§ WORK ITEM: Tally the lines below that contain the word "definition". Only the number should be returned.

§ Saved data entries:
----------------------------------------
(* Let $\tilde g$ be a continuous totally positive function of one of the following forms: either $\tilde g=g$ with $$\hat g(\omega)=\prod_{\nu=1}^{\infty}\frac{e^{2\pi i\omega/a_\nu}}{1+2\pi i\omega/a_\nu},$$ where $(a_\nu)_{\nu\in\mathbb{N}}\subset\mathbb{R}\setminus\{0\}$ with $\sum_{\nu}a_\nu^{-2}<\infty$, or $\tilde g=g_n$ with $$\hat g_n(\omega)=\prod_{\nu=1}^{n}\frac{e^{2\pi i\omega/a_\nu}}{1+2\pi i\omega/a_\nu},\qquad a_1,\dots,a_n\in\mathbb{R}\setminus\{0\}.$$ Then the function $x\mapsto\mathrm Z\tilde g(x,\tfrac12)$ is real-valued, $2$-periodic, and not identically zero.
   Context: The Fourier transform is $\hat f(\omega)=\int_{\mathbb{R}} f(t)e^{-2\pi i t\omega}\,dt$. The Zak transform is $\mathrm Zf(x,\omega)=\sum_{k\in\mathbb{Z}} f(x+k)e^{-2\pi i k\omega}$; in particular $\mathrm Z\tilde g(x,\tfrac12)=\sum_{k\in\mathbb{Z}}(-1)^k\tilde g(x+k)$. *)

theory Defs
  imports "HOL-Analysis.Analysis" "HOL-Combinatorics.Permutations"
begin

definition fourier :: "(real \<Rightarrow> complex) \<Rightarrow> real \<Rightarrow> complex" where
  "fourier f w = (LINT t|lborel. f t * exp (- 2 * pi * \<i> * complex_of_real (t * w)))"

definition zak :: "(real \<Rightarrow> complex) \<Rightarrow> real \<Rightarrow> real \<Rightarrow> complex" where
  "zak f x w = (\<Sum>\<^sub>\<infinity>k::int. f (x + of_int k) * exp (- 2 * pi * \<i> * complex_of_real (of_int k * w)))"

text \<open>Total positivity: all determinants det[g(x_i - y_j)] with x_1<...<x_N,
  y_1<...<y_N (any N) are nonnegative; determinant written via the Leibniz formula.\<close>
definition totally_positive :: "(real \<Rightarrow> real) \<Rightarrow> bool" where
  "totally_positive g \<longleftrightarrow>
     (\<forall>(N::nat) (x::nat \<Rightarrow> real) (y::nat \<Rightarrow> real).
        strict_mono_on {..<N} x \<longrightarrow> strict_mono_on {..<N} y \<longrightarrow>
        0 \<le> (\<Sum>p | p permutes {..<N}. of_int (sign p) * (\<Prod>i<N. g (x i - y (p i)))))"

definition tp_factor :: "real \<Rightarrow> real \<Rightarrow> complex" where
  "tp_factor a w = exp (2 * pi * \<i> * complex_of_real (w / a)) / (1 + 2 * pi * \<i> * complex_of_real (w / a))"

end

theory Submission
  imports Defs
begin
(* Let $\langle X\mid R\rangle$ be a side-confluent $N$-homogeneous presentation with $X$ a finite totally ordered set, and let $n\geq0$. Let $h'_n:\bigoplus_{m\geq l_N(n)}V^{\otimes m}\to T(V)$ be the linear map whose restriction to $V^{\otimes m}$ is the left bound $\varphi^{P_{n,m}}(\gamma_1)$ of $P_{n,m}$. Then the image of $h'_n$ is included in $\mathrm{im}(\phi)\otimes J_{n+1}$.
   Context: $\mathbb{K}$ is a field, $N\geq2$, $X^{(m)}$ words of length $m$, $V=\mathbb{K}X$, $V^{\otimes m}=\mathbb{K}X^{(m)}$, $T(V)$ the free algebra (tensor products of subspaces of $T(V)$ are viewed in $T(V)$ via concatenation). $R\subset V^{\otimes N}$, $\overline R=\mathrm{span}(R)$, $I(R)_j=0$ ($j<N$), $I(R)_j=\sum_{i=0}^{j-N}V^{\otimes i}\otimes\overline R\otimes V^{\otimes j-N-i}$ ($j\geq N$). $X^{(m)}$ lexicographically ordered, $\mathrm{lm}(f)$ greatest word in $f\neq0$. Conventions: leading coefficients in $R$ are $1$; a word is a normal form if it has no factor $\mathrm{lm}(f)$, $f\in R$, an element is a normal form if it is a combination of such words; the presentation is reduced. $S(\mathrm{lm}(f))=\mathrm{lm}(f)-f$ ($f\in R$), $S(w)=w$ otherwise; $\langle t,s\rangle^k=\cdots sts$ ($k$ factors, rightmost $s$); side-confluent: for each $1\leq m\leq N-1$ some $k$ gives $\langle\mathrm{id}_{V^{\otimes m}}\otimes S,S\otimes\mathrm{id}_{V^{\otimes m}}\rangle^k=\langle S\otimes\mathrm{id}_{V^{\otimes m}},\mathrm{id}_{V^{\otimes m}}\otimes S\rangle^k$. Then every $f$ has a unique normal form $\widehat f$ reachable by reductions; $\phi:T(V)\to T(V)$, $f\mapsto\widehat f$. $l_N(2k)=kN$, $l_N(2k+1)=kN+1$; $J_1=V$, $J_2=\overline R$, $J_n=\bigcap_{i=0}^{l_N(n)-N}V^{\otimes i}\otimes\overline R\otimes V^{\otimes l_N(n)-N-i}$ ($n\geq3$). A reduction operator relatively to $X^{(m)}$ is a linear projector $T$ of $V^{\otimes m}$ with each $T(w)$ equal to $w$ or a combination of words $<w$; the unique one with kernel $W$ is $\theta_{X^{(m)}}^{-1}(W)$. For $m\geq l_N(n)$: $F_1^{n,m}=\theta_{X^{(m)}}^{-1}(I(R)_{m-l_N(n)}\otimes V^{\otimes l_N(n)})$, $F_2^{n,m}=\mathrm{id}$ if $m<l_N(n+1)$, else $\theta_{X^{(m)}}^{-1}(V^{\otimes m-l_N(n+1)}\otimes J_{n+1})$; $P_{n,m}=(F_1^{n,m},F_2^{n,m})$, which is confluent under the hypotheses; fix $k$ with $\langle F_1^{n,m},F_2^{n,m}\rangle^k=\langle F_2^{n,m},F_1^{n,m}\rangle^k$. $\mathcal{A}_k$ is the algebra on $s_1,s_2$ with relations $s_i^2=s_i$, $\langle s_1,s_2\rangle^k=\langle s_2,s_1\rangle^k$; $\gamma_1=(1-s_2)\sum_{i\in I}\langle s_2,s_1\rangle^i$ with $I$ the odd integers in $[1,k-1]$; $\varphi^{P_{n,m}}:\mathcal{A}_k\to\mathrm{End}(V^{\otimes m})$, $s_i\mapsto F_i^{n,m}$. *)

theory Defs
  imports Main "HOL-Library.Function_Algebras"
begin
----------------------------------------
§ RESPONSE TO THIS EXERCISE: 4